Your assignment: Return each line of the material below exactly. Begin at the first and end on the line with "(at q) \<longleftrightarrow>".

Input data:
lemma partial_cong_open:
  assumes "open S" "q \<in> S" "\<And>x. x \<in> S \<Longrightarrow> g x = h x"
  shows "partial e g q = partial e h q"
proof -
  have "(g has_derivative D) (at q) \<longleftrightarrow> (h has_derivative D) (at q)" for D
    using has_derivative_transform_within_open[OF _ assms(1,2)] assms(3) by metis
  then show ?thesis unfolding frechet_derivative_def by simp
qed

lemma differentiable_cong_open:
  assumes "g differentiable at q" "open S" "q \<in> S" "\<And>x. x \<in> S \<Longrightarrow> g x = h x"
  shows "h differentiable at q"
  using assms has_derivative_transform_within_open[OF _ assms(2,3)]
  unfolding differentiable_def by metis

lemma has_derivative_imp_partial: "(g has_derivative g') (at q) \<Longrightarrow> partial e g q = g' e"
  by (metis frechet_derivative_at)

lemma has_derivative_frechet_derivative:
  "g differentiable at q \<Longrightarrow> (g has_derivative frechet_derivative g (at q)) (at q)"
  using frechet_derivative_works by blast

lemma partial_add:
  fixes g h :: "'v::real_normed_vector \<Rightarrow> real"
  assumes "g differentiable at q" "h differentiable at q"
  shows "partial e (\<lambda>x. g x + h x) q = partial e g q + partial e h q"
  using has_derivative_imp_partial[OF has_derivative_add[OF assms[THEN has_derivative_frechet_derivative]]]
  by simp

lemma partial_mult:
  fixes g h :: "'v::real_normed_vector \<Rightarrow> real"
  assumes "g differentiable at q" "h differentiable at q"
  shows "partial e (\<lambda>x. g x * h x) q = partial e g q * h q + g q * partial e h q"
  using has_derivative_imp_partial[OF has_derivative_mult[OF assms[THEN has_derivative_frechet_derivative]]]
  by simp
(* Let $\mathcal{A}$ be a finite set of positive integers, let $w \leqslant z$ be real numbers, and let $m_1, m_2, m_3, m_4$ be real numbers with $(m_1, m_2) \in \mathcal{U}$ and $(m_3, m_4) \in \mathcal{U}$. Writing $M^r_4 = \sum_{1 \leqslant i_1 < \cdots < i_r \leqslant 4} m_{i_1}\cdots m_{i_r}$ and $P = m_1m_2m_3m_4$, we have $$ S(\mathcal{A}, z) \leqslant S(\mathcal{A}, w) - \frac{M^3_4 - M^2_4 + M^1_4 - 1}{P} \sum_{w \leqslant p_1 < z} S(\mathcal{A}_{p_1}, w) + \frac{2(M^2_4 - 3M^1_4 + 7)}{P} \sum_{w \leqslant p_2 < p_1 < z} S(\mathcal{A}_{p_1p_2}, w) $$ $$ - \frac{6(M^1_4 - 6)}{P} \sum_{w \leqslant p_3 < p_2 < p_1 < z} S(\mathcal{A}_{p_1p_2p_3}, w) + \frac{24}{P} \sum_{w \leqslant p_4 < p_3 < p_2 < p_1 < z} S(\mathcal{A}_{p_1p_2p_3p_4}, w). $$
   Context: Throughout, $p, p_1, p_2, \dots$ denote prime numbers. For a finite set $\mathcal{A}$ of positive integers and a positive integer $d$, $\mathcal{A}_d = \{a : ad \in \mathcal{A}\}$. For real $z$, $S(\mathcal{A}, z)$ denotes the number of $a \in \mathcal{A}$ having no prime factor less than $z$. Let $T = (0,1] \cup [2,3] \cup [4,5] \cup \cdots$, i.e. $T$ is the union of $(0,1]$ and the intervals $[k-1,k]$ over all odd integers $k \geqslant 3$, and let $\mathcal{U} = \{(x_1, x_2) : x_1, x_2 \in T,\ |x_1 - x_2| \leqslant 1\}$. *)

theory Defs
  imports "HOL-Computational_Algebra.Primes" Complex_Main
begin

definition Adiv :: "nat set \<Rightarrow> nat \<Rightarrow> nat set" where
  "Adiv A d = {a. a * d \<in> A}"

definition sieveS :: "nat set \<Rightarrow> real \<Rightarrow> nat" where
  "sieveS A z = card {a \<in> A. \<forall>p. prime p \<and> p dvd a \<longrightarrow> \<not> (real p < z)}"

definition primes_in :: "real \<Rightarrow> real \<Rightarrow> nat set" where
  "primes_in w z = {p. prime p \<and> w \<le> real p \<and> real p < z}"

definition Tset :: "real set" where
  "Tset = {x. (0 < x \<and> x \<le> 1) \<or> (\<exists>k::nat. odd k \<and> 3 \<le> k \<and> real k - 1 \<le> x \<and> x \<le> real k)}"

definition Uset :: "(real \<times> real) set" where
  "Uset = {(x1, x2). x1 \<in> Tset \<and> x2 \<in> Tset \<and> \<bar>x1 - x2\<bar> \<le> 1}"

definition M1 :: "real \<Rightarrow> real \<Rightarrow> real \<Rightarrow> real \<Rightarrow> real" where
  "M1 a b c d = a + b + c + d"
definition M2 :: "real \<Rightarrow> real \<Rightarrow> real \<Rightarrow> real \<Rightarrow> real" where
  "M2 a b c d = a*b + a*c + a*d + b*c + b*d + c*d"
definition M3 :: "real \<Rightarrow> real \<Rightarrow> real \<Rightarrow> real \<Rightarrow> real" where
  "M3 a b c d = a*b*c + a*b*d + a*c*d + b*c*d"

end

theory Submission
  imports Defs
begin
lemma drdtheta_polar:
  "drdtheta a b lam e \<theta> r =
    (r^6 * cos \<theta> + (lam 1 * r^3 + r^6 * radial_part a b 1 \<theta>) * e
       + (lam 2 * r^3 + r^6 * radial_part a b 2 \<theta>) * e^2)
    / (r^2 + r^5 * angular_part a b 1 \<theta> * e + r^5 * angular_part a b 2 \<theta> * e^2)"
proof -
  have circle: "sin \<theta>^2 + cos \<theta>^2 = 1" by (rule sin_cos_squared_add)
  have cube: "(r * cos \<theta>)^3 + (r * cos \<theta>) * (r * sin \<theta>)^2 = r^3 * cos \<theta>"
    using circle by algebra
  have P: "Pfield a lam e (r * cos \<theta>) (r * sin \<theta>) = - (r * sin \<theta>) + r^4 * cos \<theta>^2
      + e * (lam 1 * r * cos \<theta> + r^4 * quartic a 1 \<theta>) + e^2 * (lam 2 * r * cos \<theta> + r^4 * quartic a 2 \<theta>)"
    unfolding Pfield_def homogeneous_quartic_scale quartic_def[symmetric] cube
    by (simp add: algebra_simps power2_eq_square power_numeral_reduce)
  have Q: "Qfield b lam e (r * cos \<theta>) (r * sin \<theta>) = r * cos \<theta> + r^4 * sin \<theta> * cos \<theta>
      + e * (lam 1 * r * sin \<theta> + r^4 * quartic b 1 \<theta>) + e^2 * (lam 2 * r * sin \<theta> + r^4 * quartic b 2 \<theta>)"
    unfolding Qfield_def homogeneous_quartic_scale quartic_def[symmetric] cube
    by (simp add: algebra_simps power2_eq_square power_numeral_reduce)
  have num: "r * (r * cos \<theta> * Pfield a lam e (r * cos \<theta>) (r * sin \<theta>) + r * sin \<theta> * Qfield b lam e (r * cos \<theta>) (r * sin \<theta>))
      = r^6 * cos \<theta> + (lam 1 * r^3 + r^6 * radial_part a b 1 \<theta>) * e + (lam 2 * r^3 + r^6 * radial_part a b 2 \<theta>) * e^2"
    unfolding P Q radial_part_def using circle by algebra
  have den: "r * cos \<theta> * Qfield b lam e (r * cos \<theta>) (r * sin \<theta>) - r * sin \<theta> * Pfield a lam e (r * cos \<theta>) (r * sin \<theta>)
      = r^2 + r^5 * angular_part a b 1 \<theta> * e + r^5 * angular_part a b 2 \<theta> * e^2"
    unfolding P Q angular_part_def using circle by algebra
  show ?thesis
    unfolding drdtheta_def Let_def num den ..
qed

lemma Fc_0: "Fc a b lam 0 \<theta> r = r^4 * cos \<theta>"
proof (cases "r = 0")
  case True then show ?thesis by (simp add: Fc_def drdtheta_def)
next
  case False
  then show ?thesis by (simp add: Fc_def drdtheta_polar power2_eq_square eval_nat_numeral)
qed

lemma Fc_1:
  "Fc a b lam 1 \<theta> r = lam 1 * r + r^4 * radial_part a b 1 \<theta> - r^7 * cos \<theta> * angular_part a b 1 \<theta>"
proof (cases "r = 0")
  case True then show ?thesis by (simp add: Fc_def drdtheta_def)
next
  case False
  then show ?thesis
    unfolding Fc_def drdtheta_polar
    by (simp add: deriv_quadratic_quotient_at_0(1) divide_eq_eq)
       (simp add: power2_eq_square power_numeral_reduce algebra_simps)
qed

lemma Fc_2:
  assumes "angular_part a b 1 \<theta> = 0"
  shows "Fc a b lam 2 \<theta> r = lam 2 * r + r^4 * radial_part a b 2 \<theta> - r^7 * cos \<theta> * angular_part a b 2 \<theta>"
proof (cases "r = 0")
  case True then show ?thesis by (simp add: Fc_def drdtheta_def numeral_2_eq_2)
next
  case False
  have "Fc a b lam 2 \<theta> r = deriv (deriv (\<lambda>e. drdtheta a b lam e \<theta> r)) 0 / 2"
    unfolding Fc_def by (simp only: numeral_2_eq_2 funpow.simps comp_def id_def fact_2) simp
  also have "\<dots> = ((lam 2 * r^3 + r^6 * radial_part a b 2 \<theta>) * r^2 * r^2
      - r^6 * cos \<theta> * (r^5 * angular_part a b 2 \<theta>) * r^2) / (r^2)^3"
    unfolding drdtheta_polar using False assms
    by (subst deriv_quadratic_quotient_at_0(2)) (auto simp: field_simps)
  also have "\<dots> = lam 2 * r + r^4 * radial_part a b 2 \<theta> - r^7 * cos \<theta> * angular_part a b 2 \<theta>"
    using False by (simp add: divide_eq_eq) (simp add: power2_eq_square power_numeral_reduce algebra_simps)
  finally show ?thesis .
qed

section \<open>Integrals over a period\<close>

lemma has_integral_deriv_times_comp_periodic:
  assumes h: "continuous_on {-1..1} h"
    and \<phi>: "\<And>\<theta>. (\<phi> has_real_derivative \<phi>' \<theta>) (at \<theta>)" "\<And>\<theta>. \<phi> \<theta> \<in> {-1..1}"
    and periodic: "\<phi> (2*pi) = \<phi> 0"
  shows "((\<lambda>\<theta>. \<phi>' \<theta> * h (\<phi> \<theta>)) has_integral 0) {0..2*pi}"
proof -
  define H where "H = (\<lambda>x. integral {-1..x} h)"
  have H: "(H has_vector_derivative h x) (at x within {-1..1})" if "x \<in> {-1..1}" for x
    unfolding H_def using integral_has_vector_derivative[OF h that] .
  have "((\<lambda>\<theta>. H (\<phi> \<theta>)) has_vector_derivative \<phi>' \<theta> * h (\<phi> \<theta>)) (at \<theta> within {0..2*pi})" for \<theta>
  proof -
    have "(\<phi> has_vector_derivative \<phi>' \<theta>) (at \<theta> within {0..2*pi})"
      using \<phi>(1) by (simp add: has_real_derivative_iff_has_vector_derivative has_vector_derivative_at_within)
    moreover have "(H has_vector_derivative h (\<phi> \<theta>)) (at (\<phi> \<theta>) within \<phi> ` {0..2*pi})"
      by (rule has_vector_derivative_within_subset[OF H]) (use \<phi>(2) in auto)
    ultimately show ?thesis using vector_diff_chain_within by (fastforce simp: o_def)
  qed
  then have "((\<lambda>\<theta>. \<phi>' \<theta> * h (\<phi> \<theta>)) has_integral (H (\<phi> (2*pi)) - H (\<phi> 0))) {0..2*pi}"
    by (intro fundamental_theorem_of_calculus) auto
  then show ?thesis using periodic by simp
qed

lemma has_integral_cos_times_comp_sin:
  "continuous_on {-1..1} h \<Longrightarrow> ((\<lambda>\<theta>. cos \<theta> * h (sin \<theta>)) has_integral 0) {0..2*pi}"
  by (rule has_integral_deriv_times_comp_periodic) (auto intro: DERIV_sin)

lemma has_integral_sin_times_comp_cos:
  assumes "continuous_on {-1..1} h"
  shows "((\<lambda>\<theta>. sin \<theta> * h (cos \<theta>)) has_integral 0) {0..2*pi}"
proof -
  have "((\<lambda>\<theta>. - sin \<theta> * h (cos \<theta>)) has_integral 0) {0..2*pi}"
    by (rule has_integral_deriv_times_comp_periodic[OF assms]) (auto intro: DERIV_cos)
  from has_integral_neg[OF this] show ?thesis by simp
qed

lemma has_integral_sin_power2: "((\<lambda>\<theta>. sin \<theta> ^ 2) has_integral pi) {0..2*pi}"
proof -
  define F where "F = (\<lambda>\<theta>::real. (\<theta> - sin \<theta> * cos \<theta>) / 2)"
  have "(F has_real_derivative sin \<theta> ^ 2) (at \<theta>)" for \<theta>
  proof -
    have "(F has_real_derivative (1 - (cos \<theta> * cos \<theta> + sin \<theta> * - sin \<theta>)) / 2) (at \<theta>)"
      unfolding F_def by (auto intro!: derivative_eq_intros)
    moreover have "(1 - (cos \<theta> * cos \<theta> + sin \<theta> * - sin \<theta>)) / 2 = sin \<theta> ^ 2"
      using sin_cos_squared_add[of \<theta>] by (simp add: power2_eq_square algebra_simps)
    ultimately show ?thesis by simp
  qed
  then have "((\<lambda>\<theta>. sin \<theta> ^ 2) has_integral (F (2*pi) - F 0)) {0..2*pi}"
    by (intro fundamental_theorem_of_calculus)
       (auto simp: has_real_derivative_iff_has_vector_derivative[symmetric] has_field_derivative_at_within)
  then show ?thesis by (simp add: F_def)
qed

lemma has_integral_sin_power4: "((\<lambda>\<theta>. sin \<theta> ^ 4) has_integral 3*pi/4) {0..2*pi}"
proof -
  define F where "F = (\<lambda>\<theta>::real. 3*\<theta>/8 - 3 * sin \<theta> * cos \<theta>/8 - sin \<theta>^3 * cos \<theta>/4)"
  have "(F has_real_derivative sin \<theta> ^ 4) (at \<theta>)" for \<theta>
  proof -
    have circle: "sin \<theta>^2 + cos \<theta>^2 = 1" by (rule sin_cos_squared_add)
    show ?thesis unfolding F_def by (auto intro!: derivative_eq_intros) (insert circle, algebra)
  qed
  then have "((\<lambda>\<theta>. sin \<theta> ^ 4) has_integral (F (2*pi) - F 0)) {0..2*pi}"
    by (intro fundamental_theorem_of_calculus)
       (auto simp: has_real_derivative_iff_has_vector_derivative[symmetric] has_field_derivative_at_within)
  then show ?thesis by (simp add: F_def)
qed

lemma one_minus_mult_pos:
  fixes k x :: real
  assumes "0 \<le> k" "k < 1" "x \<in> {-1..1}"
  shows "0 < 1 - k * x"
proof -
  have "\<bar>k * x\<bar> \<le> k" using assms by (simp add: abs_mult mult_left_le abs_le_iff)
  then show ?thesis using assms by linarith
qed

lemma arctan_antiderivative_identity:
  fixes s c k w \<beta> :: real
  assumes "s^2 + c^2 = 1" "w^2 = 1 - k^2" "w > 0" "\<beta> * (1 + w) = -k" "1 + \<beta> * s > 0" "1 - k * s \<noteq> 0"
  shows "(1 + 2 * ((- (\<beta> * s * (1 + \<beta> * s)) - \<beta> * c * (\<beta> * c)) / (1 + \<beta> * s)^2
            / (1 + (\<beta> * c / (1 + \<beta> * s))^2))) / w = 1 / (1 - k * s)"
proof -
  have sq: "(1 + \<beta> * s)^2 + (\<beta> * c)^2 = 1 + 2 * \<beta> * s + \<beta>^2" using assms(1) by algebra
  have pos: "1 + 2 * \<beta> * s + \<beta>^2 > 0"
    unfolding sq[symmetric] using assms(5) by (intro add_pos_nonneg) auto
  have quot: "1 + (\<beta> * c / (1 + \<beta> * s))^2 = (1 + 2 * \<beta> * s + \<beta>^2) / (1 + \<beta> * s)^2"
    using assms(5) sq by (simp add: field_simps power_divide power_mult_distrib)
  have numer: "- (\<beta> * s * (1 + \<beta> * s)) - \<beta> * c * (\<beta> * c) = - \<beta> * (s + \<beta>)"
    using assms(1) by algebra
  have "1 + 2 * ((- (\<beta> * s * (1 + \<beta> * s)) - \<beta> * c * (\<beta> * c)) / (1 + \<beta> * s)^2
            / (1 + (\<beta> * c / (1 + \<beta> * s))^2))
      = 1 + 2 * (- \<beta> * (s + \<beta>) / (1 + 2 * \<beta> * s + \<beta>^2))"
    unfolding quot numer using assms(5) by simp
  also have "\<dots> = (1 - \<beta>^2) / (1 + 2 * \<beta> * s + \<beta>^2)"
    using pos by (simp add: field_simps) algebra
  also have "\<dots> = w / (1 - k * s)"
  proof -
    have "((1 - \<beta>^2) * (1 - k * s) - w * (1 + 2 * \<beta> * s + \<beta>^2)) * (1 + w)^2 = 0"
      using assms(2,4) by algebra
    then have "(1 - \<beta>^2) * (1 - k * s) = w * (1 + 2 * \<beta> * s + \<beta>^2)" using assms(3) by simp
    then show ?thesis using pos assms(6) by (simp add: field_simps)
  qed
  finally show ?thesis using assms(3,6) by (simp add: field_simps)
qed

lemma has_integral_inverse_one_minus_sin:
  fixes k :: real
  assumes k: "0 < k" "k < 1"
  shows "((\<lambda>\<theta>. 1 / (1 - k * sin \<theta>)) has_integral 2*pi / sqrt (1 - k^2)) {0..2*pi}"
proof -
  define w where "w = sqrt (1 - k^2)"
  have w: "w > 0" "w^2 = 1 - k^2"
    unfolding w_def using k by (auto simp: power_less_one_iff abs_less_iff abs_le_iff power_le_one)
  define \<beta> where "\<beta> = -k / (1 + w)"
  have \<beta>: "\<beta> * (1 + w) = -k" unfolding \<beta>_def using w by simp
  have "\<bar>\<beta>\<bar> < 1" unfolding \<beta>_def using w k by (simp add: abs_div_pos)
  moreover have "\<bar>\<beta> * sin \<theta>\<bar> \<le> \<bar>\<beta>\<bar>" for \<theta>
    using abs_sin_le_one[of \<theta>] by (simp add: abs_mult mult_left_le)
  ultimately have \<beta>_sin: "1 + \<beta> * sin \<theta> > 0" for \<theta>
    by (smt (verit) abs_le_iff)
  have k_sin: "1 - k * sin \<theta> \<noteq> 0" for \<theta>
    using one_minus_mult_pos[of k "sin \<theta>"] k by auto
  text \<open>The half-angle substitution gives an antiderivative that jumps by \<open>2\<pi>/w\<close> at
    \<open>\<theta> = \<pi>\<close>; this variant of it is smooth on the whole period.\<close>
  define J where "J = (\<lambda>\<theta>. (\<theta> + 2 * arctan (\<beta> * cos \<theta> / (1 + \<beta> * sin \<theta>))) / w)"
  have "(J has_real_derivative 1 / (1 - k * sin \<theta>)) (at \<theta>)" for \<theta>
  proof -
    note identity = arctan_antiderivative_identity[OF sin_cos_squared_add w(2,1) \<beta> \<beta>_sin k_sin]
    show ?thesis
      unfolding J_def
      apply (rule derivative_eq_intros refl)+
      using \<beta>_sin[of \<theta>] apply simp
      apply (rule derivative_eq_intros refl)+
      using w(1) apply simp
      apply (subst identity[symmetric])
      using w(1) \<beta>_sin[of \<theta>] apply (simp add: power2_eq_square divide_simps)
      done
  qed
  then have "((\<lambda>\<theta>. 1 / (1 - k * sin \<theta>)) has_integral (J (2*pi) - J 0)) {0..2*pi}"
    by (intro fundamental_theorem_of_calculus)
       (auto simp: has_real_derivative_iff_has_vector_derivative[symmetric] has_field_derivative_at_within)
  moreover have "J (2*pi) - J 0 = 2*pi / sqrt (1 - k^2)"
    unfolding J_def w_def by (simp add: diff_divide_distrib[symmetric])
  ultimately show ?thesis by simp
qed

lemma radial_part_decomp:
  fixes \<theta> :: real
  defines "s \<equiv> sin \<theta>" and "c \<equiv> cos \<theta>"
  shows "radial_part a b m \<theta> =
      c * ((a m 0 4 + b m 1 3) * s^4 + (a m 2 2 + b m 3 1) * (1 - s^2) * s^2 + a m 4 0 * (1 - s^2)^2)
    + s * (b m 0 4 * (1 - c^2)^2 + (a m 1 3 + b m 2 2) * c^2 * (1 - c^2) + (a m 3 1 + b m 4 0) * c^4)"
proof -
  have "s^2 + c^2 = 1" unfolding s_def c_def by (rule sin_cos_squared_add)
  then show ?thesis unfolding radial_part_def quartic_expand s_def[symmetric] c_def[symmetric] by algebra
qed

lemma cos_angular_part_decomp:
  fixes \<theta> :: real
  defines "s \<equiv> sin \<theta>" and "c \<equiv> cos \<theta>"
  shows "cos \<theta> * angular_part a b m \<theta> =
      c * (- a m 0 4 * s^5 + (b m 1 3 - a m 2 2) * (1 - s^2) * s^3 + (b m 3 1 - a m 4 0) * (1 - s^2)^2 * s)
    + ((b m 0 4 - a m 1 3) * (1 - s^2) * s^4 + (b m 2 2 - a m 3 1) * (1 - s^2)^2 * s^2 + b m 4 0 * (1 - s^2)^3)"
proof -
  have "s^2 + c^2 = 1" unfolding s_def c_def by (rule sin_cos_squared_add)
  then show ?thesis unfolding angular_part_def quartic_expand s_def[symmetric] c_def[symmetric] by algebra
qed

Output of the task:
lemma partial_cong_open:
  assumes "open S" "q \<in> S" "\<And>x. x \<in> S \<Longrightarrow> g x = h x"
  shows "partial e g q = partial e h q"
proof -
  have "(g has_derivative D) (at q) \<longleftrightarrow> (h has_derivative D) (at q)" for D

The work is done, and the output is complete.